To bring myself back from worry and fear, I need a way to turn my thoughts around. Since I am not always so good at "Pollyanna," I can't always just shift to positive and good intentioned thought. Sometimes it is really hard to get out of the worry rut as fear grabs my hand in the dark.

What I have learned that I can do though is to preface my worry thoughts.

"Blessed Spirit please help me with... "

"Dear God I need your help as I figure out all the logistics of taking care of Sarah when I am in treatment."
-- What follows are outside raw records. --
(* Let $(a_n)_{n\ge1}$ be an increasing sequence of positive integers with positive lower asymptotic density $\underline{\delta}=\liminf_{N\to\infty}\frac1N\#\{n\ge1:a_n\le N\}$, and let $x=(x_1,\dots,x_d)\in\mathbb{R}^d$ be such that $1,x_1,\dots,x_d$ are linearly independent over $\mathbb{Q}$. Then for every nonempty dyadic cube $\lambda\subseteq[0,1)^d$, $\liminf_{j\to\infty}2^{-dj}\#\mathrm{M}((\{a_nx\})_{n\ge1};\lambda,j)\le480^d\left(\kappa(x)/\underline{\delta}\right)^{d/(d+1)}$.
   Context: $\{z\}$ is the coordinatewise fractional part. For $z\in\mathbb{R}^d$, $\|z\|=\inf_{p\in\mathbb{Z}^d}|z-p|_\infty$ (supremum norm), and $\kappa(x)=\liminf_{q\to\infty}q^{1/d}\|qx\|$. A dyadic cube is $\lambda=2^{-j}(k+[0,1)^d)$, $j\in\mathbb{Z}$, $k\in\mathbb{Z}^d$, with generation $\langle\lambda\rangle=j$. For a nonempty dyadic cube $\lambda$, an integer $j\ge0$ and a sequence $(x_n)_{n\ge1}$, $\mathrm{M}((x_n)_{n\ge1};\lambda,j)$ is the set of dyadic cubes $\lambda'\subseteq\lambda$ of generation $\langle\lambda\rangle+j$ such that $x_n\in\lambda'$ for some $n\le2^{d\langle\lambda'\rangle}$. *)

theory Defs
  imports "HOL-Analysis.Analysis"
begin

definition supnorm :: "real^'d \<Rightarrow> real" where
  "supnorm z = Max (range (\<lambda>i. \<bar>z $ i\<bar>))"

definition lattice_dist :: "real^'d \<Rightarrow> real" where
  "lattice_dist z = Inf {supnorm (z - p) | p. \<forall>i. p $ i \<in> \<int>}"

definition kappa :: "real^'d \<Rightarrow> ereal" where
  "kappa x = Liminf sequentially
     (\<lambda>q::nat. ereal (real q powr (1 / real CARD('d)) * lattice_dist (real q *\<^sub>R x)))"

definition frac_vec :: "real^'d \<Rightarrow> real^'d" where
  "frac_vec z = (\<chi> i. frac (z $ i))"

definition dyadic_cube :: "int \<Rightarrow> ('d \<Rightarrow> int) \<Rightarrow> (real^'d) set" where
  "dyadic_cube j k = {y. \<forall>i. 2 powi j * y $ i - of_int (k i) \<in> {0..<1}}"

definition is_dyadic_cube :: "(real^'d) set \<Rightarrow> bool" where
  "is_dyadic_cube L \<longleftrightarrow> (\<exists>j k. L = dyadic_cube j k)"

definition generation :: "(real^'d) set \<Rightarrow> int" where
  "generation L = (THE j. \<exists>k. L = dyadic_cube j k)"

definition dyadicM :: "(nat \<Rightarrow> real^'d) \<Rightarrow> (real^'d) set \<Rightarrow> nat \<Rightarrow> (real^'d) set set" where
  "dyadicM xs L j = {L'. is_dyadic_cube L' \<and> L' \<subseteq> L \<and>
      generation L' = generation L + int j \<and>
      (\<exists>n. 1 \<le> n \<and> real n \<le> 2 powi (int CARD('d) * generation L') \<and> xs n \<in> L')}"

end

theory Submission
  imports Defs
begin

text \<open>
  Choose a denominator q with q^(1/d) \<parallel>q x\<parallel> < \<kappa> and a scale J with 2^J \<approx> (\<delta>/\<kappa>)^(1/(d+1)) q^(1/d).
  By positive density, the first 2^(dJ) terms satisfy a_n \<le> N \<approx> 2^(dJ)/\<delta>; writing a_n = m q + r then shows
  that {a_n x} lies within 2^(-J) of {r x}. Hence each occupied subcube of generation J is one of the
  3^d neighbours of the cell of {r x}, for a residue r < q whose point {r x} returns to a window around L.
  If L has generation g, Kronecker's theorem provides 2^(d(g-1)) integer translates moving that window
  to pairwise disjoint positions, so only about 2q / 2^(d(g-1)) residues return. Altogether
  2^(-d(J-g)) #M \<le> 2 \<cdot> 6^d q / 2^(dJ) \<le> 2 \<cdot> 12^d (2\<kappa>/\<delta>)^(d/(d+1)) for infinitely many scales, and
  letting \<kappa> decrease to \<kappa>(x) and \<delta> increase to the density gives the claim, since 4 \<cdot> 12^d \<le> 480^d.
\<close>

section \<open>Kronecker approximation in several variables\<close>

definition rat_independent_with_1 :: "real^'d \<Rightarrow> bool" where
  "rat_independent_with_1 x \<longleftrightarrow>
     (\<forall>(c0::rat) (c::'d \<Rightarrow> rat).
        of_rat c0 + (\<Sum>i\<in>UNIV. of_rat (c i) * x $ i) = 0 \<longrightarrow> c0 = 0 \<and> (\<forall>i. c i = 0))"

lemma rat_independent_with_1_int:
  assumes "rat_independent_with_1 x" and "of_int c0 + (\<Sum>i\<in>UNIV. of_int (c i) * x $ i) = 0"
  shows "c0 = 0 \<and> (\<forall>i. c i = 0)"
proof -
  have "of_rat (of_int c0) + (\<Sum>i\<in>UNIV. of_rat (of_int (c i)) * x $ i) = 0"
    using assms(2) by simp
  then have "(of_int c0 :: rat) = 0 \<and> (\<forall>i. (of_int (c i) :: rat) = 0)"
    using assms(1) unfolding rat_independent_with_1_def
    by (elim allE[of _ "of_int c0"] allE[of _ "\<lambda>i. of_int (c i)"]) blast
  then show ?thesis by simp
qed

lemma int_independent_imp_inj_on:
  fixes \<theta> :: "nat \<Rightarrow> real"
  assumes indep: "\<And>c::nat \<Rightarrow> int. (\<Sum>j\<le>n. of_int (c j) * \<theta> j) = 0 \<Longrightarrow> \<forall>j\<le>n. c j = 0"
  shows "inj_on \<theta> {..n}"
proof (rule inj_onI, rule ccontr)
  fix a b assume ab: "a \<in> {..n}" "b \<in> {..n}" "\<theta> a = \<theta> b" "a \<noteq> b"
  define c :: "nat \<Rightarrow> int" where "c j = (if j = a then 1 else if j = b then -1 else 0)" for j
  have "(\<Sum>j\<le>n. of_int (c j) * \<theta> j) = (\<Sum>j\<in>{a, b}. of_int (c j) * \<theta> j)"
    by (rule sum.mono_neutral_right) (use ab in \<open>auto simp: c_def\<close>)
  also have "\<dots> = 0" using ab by (simp add: c_def)
  finally have "(\<Sum>j\<le>n. of_int (c j) * \<theta> j) = 0" .
  then have "c a = 0" using indep ab by auto
  then show False using ab by (simp add: c_def)
qed

lemma int_independent_imp_module_independent:
  fixes \<theta> :: "nat \<Rightarrow> real"
  assumes indep: "\<And>c::nat \<Rightarrow> int. (\<Sum>j\<le>n. of_int (c j) * \<theta> j) = 0 \<Longrightarrow> \<forall>j\<le>n. c j = 0"
  shows "module.independent (\<lambda>r x. of_int r * x) (\<theta> ` {..n})"
proof -
  interpret M: Modules.module "\<lambda>r x. of_int r * x :: real"
    by (simp add: Modules.module.intro distrib_left mult.commute)
  have inj: "inj_on \<theta> {..n}" using indep by (rule int_independent_imp_inj_on)
  show ?thesis
  proof
    assume "M.dependent (\<theta> ` {..n})"
    then obtain t u where t: "finite t" "t \<subseteq> \<theta> ` {..n}"
      and sum_t: "(\<Sum>v\<in>t. of_int (u v) * v) = 0" and nontriv: "\<exists>v\<in>t. u v \<noteq> 0"
      unfolding M.dependent_explicit by blast
    define S where "S = {j\<in>{..n}. \<theta> j \<in> t}"
    have t_eq: "t = \<theta> ` S" using t unfolding S_def by auto
    define c where "c j = (if j \<in> S then u (\<theta> j) else 0)" for j
    have "(\<Sum>j\<le>n. of_int (c j) * \<theta> j) = (\<Sum>j\<in>S. of_int (u (\<theta> j)) * \<theta> j)"
      by (rule sum.mono_neutral_cong_right) (auto simp: S_def c_def)
    also have "\<dots> = (\<Sum>v\<in>t. of_int (u v) * v)"
    proof -
      have "inj_on \<theta> S" using inj by (rule inj_on_subset) (auto simp: S_def)
      then show ?thesis unfolding t_eq by (simp add: sum.reindex)
    qed
    finally have c0: "\<forall>j\<le>n. c j = 0" using sum_t indep by simp
    from nontriv obtain j where "j \<in> S" "u (\<theta> j) \<noteq> 0" unfolding t_eq by blast
    then show False using c0 by (auto simp: c_def S_def)
  qed
qed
"Angels, walk beside me and guide me as I step into the unknowns of my chemo-cleanse."

When I ask for help, the night lightens and my body softens. Last night must have been a quiz or something, since I got to practice this over and over.

Often it takes a few circles and loops before I realize that how I am thinking is making me miserable - that is when I come just slightly back to consciousness and can ask for help.

Any worry can have "God, Spirit, All, please help me with..." added to the front of it.

This is one of my lessons. I get to continue to remember to ask for this help.

Tonight, I ask the Blessed Goddess who watches over me to help me to remember that I can turn my worries into prayers. Let my concerns create prayers and new ways of thinking and feeling.

And Dear Goddess Spirit, let this week be gentle, see to it that Sarah is well cared for, that Laura has all that she needs as she cares for me and herself and that my body be strong and able to handle the tests and chemo-cleanse with ease.